**WHAT TO PRODUCE**
Exactly the lines from the one with "by (simp add: shadowing_on_def shadows_def)" to the end of the data below should be set down, and no others.

Dataset entries
(* Let $G$ be a finitely generated nilpotent group and $\Phi$ a uniformly continuous action of $G$ on a metric space $\Omega$; let $U,V\subset\Omega$. Assume there exists $g\in G$ such that the homeomorphism $f_g=\Phi(g,\cdot)$ is topologically Anosov with respect to $(U,V)$. Then the action $\Phi$ is topologically Anosov with respect to $(U,V)$.
   Context: Let $(\Omega,\mathrm{dist})$ be a metric space; $B(\delta,x)=\{y:\mathrm{dist}(x,y)<\delta\}$ and $B(\delta,U)=\bigcup_{x\in U}B(\delta,x)$. An action of a group $G$ is a map $\Phi:G\times\Omega\to\Omega$ such that each $f_g=\Phi(g,\cdot)$ is a homeomorphism of $\Omega$, $\Phi(e,x)=x$, and $\Phi(g_1g_2,x)=\Phi(g_1,\Phi(g_2,x))$. For a finitely generated $G$, the action is uniformly continuous if for some finite symmetric generating set $S$ (symmetric: $s\in S\Rightarrow s^{-1}\in S$) all maps $f_s$, $s\in S$, are uniformly continuous. Fix a finite symmetric generating set $S$ of $G$. For $d>0$, a family $\{y_g\}_{g\in G}\subset\Omega$ is a $d$-pseudotrajectory if $\mathrm{dist}(y_{sg},f_s(y_g))<d$ for all $s\in S$, $g\in G$. A uniformly continuous action has the shadowing property on $V\subset\Omega$ if for every $\varepsilon>0$ there is $d>0$ such that for every $d$-pseudotrajectory $\{y_g\}$ with all $y_g\in V$ there is $x_e\in\Omega$ with $\mathrm{dist}(y_g,f_g(x_e))<\varepsilon$ for all $g\in G$ (this property does not depend on the choice of $S$). The action is expansive on $U\subset\Omega$ if there is $\Delta>0$ such that whenever $x_1,x_2\in U$ satisfy $\Phi(g,x_1),\Phi(g,x_2)\in U$ and $\mathrm{dist}(\Phi(g,x_1),\Phi(g,x_2))<\Delta$ for all $g\in G$, then $x_1=x_2$. The action is topologically Anosov with respect to $(U,V)$ if (TA1) there is $\gamma>0$ with $B(\gamma,V)\subset U$, (TA2) it has the shadowing property on $V$, and (TA3) it is expansive on $U$. A homeomorphism $f$ of $\Omega$ is said to have any of these properties if the $\mathbb Z$-action $(k,x)\mapsto f^k(x)$ (with generating set $\{1,-1\}$) has it. A group $G$ is nilpotent of class $n$ if its lower central series $G_1=G$, $G_{i+1}=[G_i,G]$ satisfies $G_{n+1}=\{e\}$ and $G_n\neq\{e\}$; here $[g,h]=ghg^{-1}h^{-1}$. *)

theory Defs
  imports "HOL-Analysis.Analysis" "HOL-Algebra.Algebra"
begin

definition commutator :: "('a, 'm) monoid_scheme \<Rightarrow> 'a \<Rightarrow> 'a \<Rightarrow> 'a" where
  "commutator G g h = g \<otimes>\<^bsub>G\<^esub> h \<otimes>\<^bsub>G\<^esub> inv\<^bsub>G\<^esub> g \<otimes>\<^bsub>G\<^esub> inv\<^bsub>G\<^esub> h"

text \<open>Lower central series, indexed from 0: lower_central G 0 = G = G_1 of the paper,
  lower_central G i = G_(i+1), with G_(i+1) = [G_i, G] generated by commutators.\<close>
fun lower_central :: "('a, 'm) monoid_scheme \<Rightarrow> nat \<Rightarrow> 'a set" where
  "lower_central G 0 = carrier G"
| "lower_central G (Suc i) =
     generate G {commutator G h g | h g. h \<in> lower_central G i \<and> g \<in> carrier G}"

definition nilpotent_group :: "('a, 'm) monoid_scheme \<Rightarrow> bool" where
  "nilpotent_group G \<longleftrightarrow> group G \<and> (\<exists>n. lower_central G n = {\<one>\<^bsub>G\<^esub>})"

definition symmetric_gen_set :: "('a, 'm) monoid_scheme \<Rightarrow> 'a set \<Rightarrow> bool" where
  "symmetric_gen_set G S \<longleftrightarrow> finite S \<and> S \<subseteq> carrier G \<and>
     (\<forall>s\<in>S. inv\<^bsub>G\<^esub> s \<in> S) \<and> generate G S = carrier G"

definition finitely_generated :: "('a, 'm) monoid_scheme \<Rightarrow> bool" where
  "finitely_generated G \<longleftrightarrow> (\<exists>S. finite S \<and> S \<subseteq> carrier G \<and> generate G S = carrier G)"

definition group_action_homeo ::
    "('a, 'm) monoid_scheme \<Rightarrow> ('a \<Rightarrow> 'b::metric_space \<Rightarrow> 'b) \<Rightarrow> bool" where
  "group_action_homeo G \<Phi> \<longleftrightarrow>
     (\<forall>g\<in>carrier G. \<exists>h. homeomorphism UNIV UNIV (\<Phi> g) h) \<and>
     (\<forall>x. \<Phi> \<one>\<^bsub>G\<^esub> x = x) \<and>
     (\<forall>g1\<in>carrier G. \<forall>g2\<in>carrier G. \<forall>x. \<Phi> (g1 \<otimes>\<^bsub>G\<^esub> g2) x = \<Phi> g1 (\<Phi> g2 x))"

definition unif_cont_action ::
    "('a, 'm) monoid_scheme \<Rightarrow> ('a \<Rightarrow> 'b::metric_space \<Rightarrow> 'b) \<Rightarrow> bool" where
  "unif_cont_action G \<Phi> \<longleftrightarrow> group_action_homeo G \<Phi> \<and>
     (\<exists>S. symmetric_gen_set G S \<and> (\<forall>s\<in>S. uniformly_continuous_on UNIV (\<Phi> s)))"

definition pseudotrajectory ::
    "('a, 'm) monoid_scheme \<Rightarrow> ('a \<Rightarrow> 'b::metric_space \<Rightarrow> 'b) \<Rightarrow> 'a set \<Rightarrow> real \<Rightarrow> ('a \<Rightarrow> 'b) \<Rightarrow> bool" where
  "pseudotrajectory G \<Phi> S d y \<longleftrightarrow>
     (\<forall>s\<in>S. \<forall>g\<in>carrier G. dist (y (s \<otimes>\<^bsub>G\<^esub> g)) (\<Phi> s (y g)) < d)"

definition shadowing_on ::
    "('a, 'm) monoid_scheme \<Rightarrow> ('a \<Rightarrow> 'b::metric_space \<Rightarrow> 'b) \<Rightarrow> 'a set \<Rightarrow> 'b set \<Rightarrow> bool" where
  "shadowing_on G \<Phi> S V \<longleftrightarrow>
     (\<forall>\<epsilon>>0. \<exists>d>0. \<forall>y. pseudotrajectory G \<Phi> S d y \<and> (\<forall>g\<in>carrier G. y g \<in> V) \<longrightarrow>
        (\<exists>x. \<forall>g\<in>carrier G. dist (y g) (\<Phi> g x) < \<epsilon>))"

definition expansive_on ::
    "('a, 'm) monoid_scheme \<Rightarrow> ('a \<Rightarrow> 'b::metric_space \<Rightarrow> 'b) \<Rightarrow> 'b set \<Rightarrow> bool" where
  "expansive_on G \<Phi> U \<longleftrightarrow>
     (\<exists>\<Delta>>0. \<forall>x1\<in>U. \<forall>x2\<in>U.
        (\<forall>g\<in>carrier G. \<Phi> g x1 \<in> U \<and> \<Phi> g x2 \<in> U \<and> dist (\<Phi> g x1) (\<Phi> g x2) < \<Delta>)
        \<longrightarrow> x1 = x2)"

definition top_anosov ::
    "('a, 'm) monoid_scheme \<Rightarrow> ('a \<Rightarrow> 'b::metric_space \<Rightarrow> 'b) \<Rightarrow> 'a set \<Rightarrow> 'b set \<Rightarrow> 'b set \<Rightarrow> bool" where
  "top_anosov G \<Phi> S U V \<longleftrightarrow>
     (\<exists>\<gamma>>0. (\<Union>x\<in>V. ball x \<gamma>) \<subseteq> U) \<and> shadowing_on G \<Phi> S V \<and> expansive_on G \<Phi> U"

definition int_iter :: "('b \<Rightarrow> 'b) \<Rightarrow> int \<Rightarrow> 'b \<Rightarrow> 'b" where
  "int_iter f k = (if 0 \<le> k then f ^^ nat k else (Hilbert_Choice.inv f) ^^ nat (- k))"

definition top_anosov_homeo :: "('b::metric_space \<Rightarrow> 'b) \<Rightarrow> 'b set \<Rightarrow> 'b set \<Rightarrow> bool" where
  "top_anosov_homeo f U V \<longleftrightarrow> top_anosov integer_group (int_iter f) {1, -1} U V"

end

theory Submission
  imports Defs
begin

text \<open>Shadow each g-orbit \<open>k \<mapsto> y (g\<^sup>k h)\<close> of a G-pseudotrajectory y by a point \<open>\<xi> h\<close>, which
  expansivity of \<open>f\<^sub>g\<close> makes unique. The elements a with \<open>\<Phi> a (\<xi> h) = \<xi> (a h)\<close> for all h form a
  subgroup Q containing g, and Q contains a as soon as it contains the conjugate \<open>a\<^sup>-\<^sup>1 g a\<close>, since
  then \<open>\<Phi> a (\<xi> h)\<close> also shadows the g-orbit through a h. As \<open>a\<^sup>-\<^sup>1 g a = [a\<^sup>-\<^sup>1, g] g\<close> and the
  commutator lies one step deeper in the lower central series, nilpotency lets this step climb
  from the trivial group back up to the generators, so Q = G and \<open>\<xi> 1\<close> shadows y.\<close>

definition step_close ::
    "('a, 'm) monoid_scheme \<Rightarrow> ('a \<Rightarrow> 'b::metric_space \<Rightarrow> 'b) \<Rightarrow> 'a \<Rightarrow> real \<Rightarrow> ('a \<Rightarrow> 'b) \<Rightarrow> bool" where
  "step_close G \<Phi> a \<eta> y \<longleftrightarrow> (\<forall>h\<in>carrier G. dist (y (a \<otimes>\<^bsub>G\<^esub> h)) (\<Phi> a (y h)) < \<eta>)"

definition shadows ::
    "('a, 'm) monoid_scheme \<Rightarrow> ('a \<Rightarrow> 'b::metric_space \<Rightarrow> 'b) \<Rightarrow> real \<Rightarrow> ('a \<Rightarrow> 'b) \<Rightarrow> 'b \<Rightarrow> bool" where
  "shadows G \<Phi> r y x \<longleftrightarrow> (\<forall>k\<in>carrier G. dist (y k) (\<Phi> k x) < r)"

definition conjugation_test_set :: "('a, 'm) monoid_scheme \<Rightarrow> 'a \<Rightarrow> 'a set \<Rightarrow> bool" where
  "conjugation_test_set G g F \<longleftrightarrow> F \<subseteq> carrier G \<and> (\<forall>Q. subgroup Q G \<longrightarrow> g \<in> Q \<longrightarrow>
     (\<forall>a\<in>F. inv\<^bsub>G\<^esub> a \<otimes>\<^bsub>G\<^esub> g \<otimes>\<^bsub>G\<^esub> a \<in> Q \<longrightarrow> a \<in> Q) \<longrightarrow> Q = carrier G)"

lemma pseudotrajectory_iff_step_close:
  "pseudotrajectory G \<Phi> S d y \<longleftrightarrow> (\<forall>s\<in>S. step_close G \<Phi> s d y)"
  by (simp add: pseudotrajectory_def step_close_def)

lemma shadowing_on_iff_shadows:
  "shadowing_on G \<Phi> S V \<longleftrightarrow> (\<forall>\<epsilon>>0. \<exists>d>0. \<forall>y. pseudotrajectory G \<Phi> S d y \<and> (\<forall>g\<in>carrier G. y g \<in> V)
     \<longrightarrow> (\<exists>x. shadows G \<Phi> \<epsilon> y x))"
  by (simp add: shadowing_on_def shadows_def)

lemma pseudotrajectory_mono:
  "pseudotrajectory G \<Phi> S d y \<Longrightarrow> d \<le> d' \<Longrightarrow> pseudotrajectory G \<Phi> S d' y"
  unfolding pseudotrajectory_def by (meson less_le_trans)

**ANSWER FOR THIS EXERCISE**
  by (simp add: shadowing_on_def shadows_def)

lemma pseudotrajectory_mono:
  "pseudotrajectory G \<Phi> S d y \<Longrightarrow> d \<le> d' \<Longrightarrow> pseudotrajectory G \<Phi> S d' y"
  unfolding pseudotrajectory_def by (meson less_le_trans)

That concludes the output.